Em 2005, o Capex totalizou 185,5 milhões de euros, o que representa 29,5% das receitas consolidadas da PT-Multimédia. Este valor de Capex deve ser entendido como extraordinário, já que não se deve repetir no futuro próximo e justifica-se essencialmente com investimentos em: (1) negociação no quarto trimestre de um compromisso de médio prazo para aquisição de direito de utilização de capacidade de rede de telecomunicações (65,7 milhões de euros); (2) contratação de direito de uso de capacidade de satélite no negócio de TV por Subscrição para um quinto e sexto transponders (33,4 milhões de euros) até ao final da sua vida útil, que se estima que termine em Dezembro de 2016; (3) aquisição de set top boxes no âmbito do programa de digitalização (18,8 milhões de euros); e (4) rede, de forma a melhorar a oferta e a qualidade dos serviços de TV por Subscrição e de Internet de banda larga (8,0 milhões de euros). Estes investimentos potenciam a curto e médio prazos o incremento da actividade de TV por Subscrição e de Internet de banda larga, com um elevado nível de qualidade. Excluindo os itens que não representam saídas imediatas de fundos, o Capex apresenta um aumento de 60,9% em 2005, para 86,5 milhões de euros, representando 13,8% das receitas consolidadas da PT-Multimédia.

O Capex da área de Audiovisuais ascendeu a 1,4 milhões de euros em 2005, essencialmente resultante da abertura de novas salas de cinemas e dos investimentos de manutenção e remodelação das salas existentes.

EBITDA menos Capex

O EBITDA menos Capex foi de 9,8 milhões de euros em 2005, que compara com 105,6 milhões de euros em 2004. A descida deste indicador resulta do significativo e mais que proporcional aumento de Capex face ao EBITDA. Ajustando o Capex pelos itens que não representam saídas imediatas de fundos, isto é, a capitalização dos transponders e capacidade de rede de telecomunicações, o EBITDA menos Capex totaliza 108,8 milhões de euros, equivalente a um crescimento de 3% face a 2004.

Free Cash Flow

EBITDA menos Capex 9,8 105,6 (90,8%)

Itens não monetários incluídos no EBITDA 1,5 (1,7) n.s.

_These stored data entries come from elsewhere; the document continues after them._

(* Conventions:
   steps are h \<in> {1..H}; states type 's::finite, actions type 'a::finite;
   P h s a s' = P_h(s' | s,a);  mu s = initial distribution;
   a reward table is a function R :: nat \<Rightarrow> 's \<Rightarrow> 'a \<Rightarrow> real, R h s a = R_h(s,a);
   a (randomized) decision rule  dec :: nat \<Rightarrow> 's \<Rightarrow> 'a \<Rightarrow> real  gives dec h s a = Pr(a_h = a | s_h = s). *)

text \<open>Distribution of the state at step t+k, starting from state distribution nu at step t
  and following the decision rule dec.\<close>
primrec flow :: "(nat \<Rightarrow> 's::finite \<Rightarrow> 'a::finite \<Rightarrow> 's \<Rightarrow> real) \<Rightarrow> (nat \<Rightarrow> 's \<Rightarrow> 'a \<Rightarrow> real)
    \<Rightarrow> nat \<Rightarrow> ('s \<Rightarrow> real) \<Rightarrow> nat \<Rightarrow> 's \<Rightarrow> real" where
  "flow P dec t nu 0 = nu"
| "flow P dec t nu (Suc k) =
     (\<lambda>s'. \<Sum>s\<in>UNIV. \<Sum>a\<in>UNIV. flow P dec t nu k s * dec (t + k) s a * P (t + k) s a s')"

definition markov_policy :: "nat \<Rightarrow> (nat \<Rightarrow> 's::finite \<Rightarrow> 'a::finite \<Rightarrow> real) \<Rightarrow> bool" where
  "markov_policy H \<pi> \<longleftrightarrow>
     (\<forall>h\<in>{1..H}. \<forall>s. (\<forall>a. 0 \<le> \<pi> h s a) \<and> (\<Sum>a\<in>UNIV. \<pi> h s a) = 1)"

text \<open>Occupancy measure d_h^pi(s) = Pr(s_h = s).\<close>
definition occ :: "(nat \<Rightarrow> 's::finite \<Rightarrow> 'a::finite \<Rightarrow> 's \<Rightarrow> real) \<Rightarrow> ('s \<Rightarrow> real)
    \<Rightarrow> (nat \<Rightarrow> 's \<Rightarrow> 'a \<Rightarrow> real) \<Rightarrow> nat \<Rightarrow> 's \<Rightarrow> real" where
  "occ P mu \<pi> h s = flow P \<pi> 1 mu (h - 1) s"

text \<open>Conditional occupancy d_h^pi(s | s_t = s'), for t \<le> h.\<close>
definition cocc :: "(nat \<Rightarrow> 's::finite \<Rightarrow> 'a::finite \<Rightarrow> 's \<Rightarrow> real)
    \<Rightarrow> (nat \<Rightarrow> 's \<Rightarrow> 'a \<Rightarrow> real) \<Rightarrow> nat \<Rightarrow> 's \<Rightarrow> nat \<Rightarrow> 's \<Rightarrow> real" where
  "cocc P \<pi> t s' h s = flow P \<pi> t (\<lambda>x. if x = s' then 1 else 0) (h - t) s"

text \<open>d_h^*(s | s_t = s') = max over Markovian policies (written as Sup; the max is attained).\<close>
definition dstar :: "(nat \<Rightarrow> 's::finite \<Rightarrow> 'a::finite \<Rightarrow> 's \<Rightarrow> real) \<Rightarrow> nat
    \<Rightarrow> nat \<Rightarrow> 's \<Rightarrow> nat \<Rightarrow> 's \<Rightarrow> real" where
  "dstar P H t s' h s = Sup {cocc P \<pi> t s' h s | \<pi>. markov_policy H \<pi>}"

text \<open>Lookahead window R_h^L = (R_t)_{h \<le> t \<le> min(h+L-1,H)}; entries outside are masked by 0.\<close>
definition window :: "nat \<Rightarrow> nat \<Rightarrow> nat \<Rightarrow> (nat \<Rightarrow> 's \<Rightarrow> 'a \<Rightarrow> real) \<Rightarrow> (nat \<Rightarrow> 's \<Rightarrow> 'a \<Rightarrow> real)" where
  "window L H h R = (\<lambda>t. if h \<le> t \<and> t \<le> min (h + L - 1) H then R t else (\<lambda>_ _. 0))"

text \<open>Joint law of the reward tables (R_1,...,R_H): independent across steps,
  with step-h law D h (a law on the whole vector R_h, arbitrary correlations inside).\<close>
definition reward_law :: "nat \<Rightarrow> (nat \<Rightarrow> ('s \<Rightarrow> 'a \<Rightarrow> real) measure) \<Rightarrow> (nat \<Rightarrow> 's \<Rightarrow> 'a \<Rightarrow> real) measure" where
  "reward_law H D = PiM {1..H} D"

definition reward_dists :: "nat \<Rightarrow> (nat \<Rightarrow> 's::finite \<Rightarrow> 'a::finite \<Rightarrow> real)
    \<Rightarrow> (nat \<Rightarrow> ('s \<Rightarrow> 'a \<Rightarrow> real) measure) set" where
  "reward_dists H r = {D. \<forall>h\<in>{1..H}. prob_space (D h) \<and> sets (D h) = sets borel \<and>
      (AE R in D h. \<forall>s a. 0 \<le> R s a) \<and>
      (\<forall>s a. integrable (D h) (\<lambda>R. R s a) \<and> (\<integral>R. R s a \<partial>D h) = r h s a)}"

text \<open>L-lookahead policies: pol h s W a = pi_h(a | s, W), applied to W = R_h^L;
  measurability in the rewards is required so that the value is well defined.\<close>
definition lookahead_policies :: "nat \<Rightarrow> nat \<Rightarrow> (nat \<Rightarrow> ('s::finite \<Rightarrow> 'a::finite \<Rightarrow> real) measure)
    \<Rightarrow> (nat \<Rightarrow> 's \<Rightarrow> (nat \<Rightarrow> 's \<Rightarrow> 'a \<Rightarrow> real) \<Rightarrow> 'a \<Rightarrow> real) set" where
  "lookahead_policies H L D = {pol.
      (\<forall>h\<in>{1..H}. \<forall>s W. (\<forall>a. 0 \<le> pol h s W a) \<and> (\<Sum>a\<in>UNIV. pol h s W a) = 1) \<and>
      (\<forall>h\<in>{1..H}. \<forall>s a. (\<lambda>R. pol h s (window L H h R) a) \<in> borel_measurable (reward_law H D))}"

Variação do fundo de maneio 64,1 8,5 n.s.

Cash flow operacional 75,4 112,5 (33,0%)

Aquisição de investimentos financeiros 0,0 (77,3) n.s.

Alienações de investimentos financeiros 163,7 0,0 n.s.

Juros pagos (1,7) (8,5) (79,4%)

Impostos sobre o rendimento pagos por subsidiárias (4,0) (3,6) 10,5%

Outros movimentos (11,3) 3,2 n.s.

Free cash flow 222,0 26,3 n.s.

Milhões de Euros 2005 2004 ∆ 05/04

Equipamento Terminal 18,8 11,7 60,5%

Infra-estrutura de TV por Subscrição 31,2 31,5 (0,9%)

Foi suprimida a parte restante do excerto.